lemma coprime_linear_powers:
  fixes c d :: "'a::field_gcd"
  assumes "c \<noteq> d"
  shows "coprime ([:-c, 1:] ^ N) ([:-d, 1:] ^ N)"
proof -
  have "coprime [:-c, 1:] [:-d, 1:]"
  proof (rule coprimeI)
    fix r assume "r dvd [:-c, 1:]" "r dvd [:-d, 1:]"
    then have "r dvd [:-c, 1:] - [:-d, 1:]" by (rule dvd_diff)
    moreover have "is_unit ([:-c, 1:] - [:-d, 1:])"
      using assms by (simp add: is_unit_const_poly_iff dvd_field_iff)
    ultimately show "is_unit r" by (rule dvd_unit_imp_unit)
  qed
  then show ?thesis by simp
qed

definition exp_poly_seq :: "'a::comm_semiring_1 \<Rightarrow> nat \<Rightarrow> (nat \<Rightarrow> 'a) \<Rightarrow> bool" where
  "exp_poly_seq c N a \<longleftrightarrow> (\<exists>f. degree f < N \<and> a = (\<lambda>m. c ^ m * poly f (of_nat m)))"

lemma shift_op_separating:
  fixes c d :: "'a::{field_gcd, ring_char_0}"
  assumes "c \<noteq> d"
  obtains p where "\<And>a. exp_poly_seq c N a \<Longrightarrow> shift_op p a = a"
    and "\<And>b. exp_poly_seq d N b \<Longrightarrow> shift_op p b = (\<lambda>_. 0)"
proof -
  obtain u v where uv: "bezout_coefficients ([:-c, 1:] ^ N) ([:-d, 1:] ^ N) = (u, v)"
    by (cases "bezout_coefficients ([:-c, 1:] ^ N) ([:-d, 1:] ^ N)")
  have bezout: "u * [:-c, 1:] ^ N + v * [:-d, 1:] ^ N = 1"
    using bezout_coefficients[OF uv] coprime_imp_gcd_eq_1[OF coprime_linear_powers[OF assms]]
    by simp
  show ?thesis
  proof
    fix a assume "exp_poly_seq c N a"
    then obtain f where f: "degree f < N" "a = (\<lambda>m. c ^ m * poly f (of_nat m))"
      unfolding exp_poly_seq_def by blast
    have "a = shift_op (u * [:-c, 1:] ^ N + v * [:-d, 1:] ^ N) a"
      by (simp add: bezout)
    also have "\<dots> = shift_op (v * [:-d, 1:] ^ N) a"
      by (simp add: fun_eq_iff shift_op_add shift_op_mult f shift_op_linear_power_annihilates)
    finally show "shift_op (v * [:-d, 1:] ^ N) a = a" ..
  next
    fix b assume "exp_poly_seq d N b"
    then show "shift_op (v * [:-d, 1:] ^ N) b = (\<lambda>_. 0)"
      unfolding exp_poly_seq_def by (auto simp: shift_op_mult shift_op_linear_power_annihilates)
  qed
qed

◆ Work to complete:
Word for word, write out all of the entries again.

◆ Result of the exercise:
lemma coprime_linear_powers:
  fixes c d :: "'a::field_gcd"
  assumes "c \<noteq> d"
  shows "coprime ([:-c, 1:] ^ N) ([:-d, 1:] ^ N)"
proof -
  have "coprime [:-c, 1:] [:-d, 1:]"
  proof (rule coprimeI)
    fix r assume "r dvd [:-c, 1:]" "r dvd [:-d, 1:]"
    then have "r dvd [:-c, 1:] - [:-d, 1:]" by (rule dvd_diff)
    moreover have "is_unit ([:-c, 1:] - [:-d, 1:])"
      using assms by (simp add: is_unit_const_poly_iff dvd_field_iff)
    ultimately show "is_unit r" by (rule dvd_unit_imp_unit)
  qed
  then show ?thesis by simp
qed

definition exp_poly_seq :: "'a::comm_semiring_1 \<Rightarrow> nat \<Rightarrow> (nat \<Rightarrow> 'a) \<Rightarrow> bool" where
  "exp_poly_seq c N a \<longleftrightarrow> (\<exists>f. degree f < N \<and> a = (\<lambda>m. c ^ m * poly f (of_nat m)))"

lemma shift_op_separating:
  fixes c d :: "'a::{field_gcd, ring_char_0}"
  assumes "c \<noteq> d"
  obtains p where "\<And>a. exp_poly_seq c N a \<Longrightarrow> shift_op p a = a"
    and "\<And>b. exp_poly_seq d N b \<Longrightarrow> shift_op p b = (\<lambda>_. 0)"
proof -
  obtain u v where uv: "bezout_coefficients ([:-c, 1:] ^ N) ([:-d, 1:] ^ N) = (u, v)"
    by (cases "bezout_coefficients ([:-c, 1:] ^ N) ([:-d, 1:] ^ N)")
  have bezout: "u * [:-c, 1:] ^ N + v * [:-d, 1:] ^ N = 1"
    using bezout_coefficients[OF uv] coprime_imp_gcd_eq_1[OF coprime_linear_powers[OF assms]]
    by simp
  show ?thesis
  proof
    fix a assume "exp_poly_seq c N a"
    then obtain f where f: "degree f < N" "a = (\<lambda>m. c ^ m * poly f (of_nat m))"
      unfolding exp_poly_seq_def by blast
    have "a = shift_op (u * [:-c, 1:] ^ N + v * [:-d, 1:] ^ N) a"
      by (simp add: bezout)
    also have "\<dots> = shift_op (v * [:-d, 1:] ^ N) a"
      by (simp add: fun_eq_iff shift_op_add shift_op_mult f shift_op_linear_power_annihilates)
    finally show "shift_op (v * [:-d, 1:] ^ N) a = a" ..
  next
    fix b assume "exp_poly_seq d N b"
    then show "shift_op (v * [:-d, 1:] ^ N) b = (\<lambda>_. 0)"
      unfolding exp_poly_seq_def by (auto simp: shift_op_mult shift_op_linear_power_annihilates)
  qed
qed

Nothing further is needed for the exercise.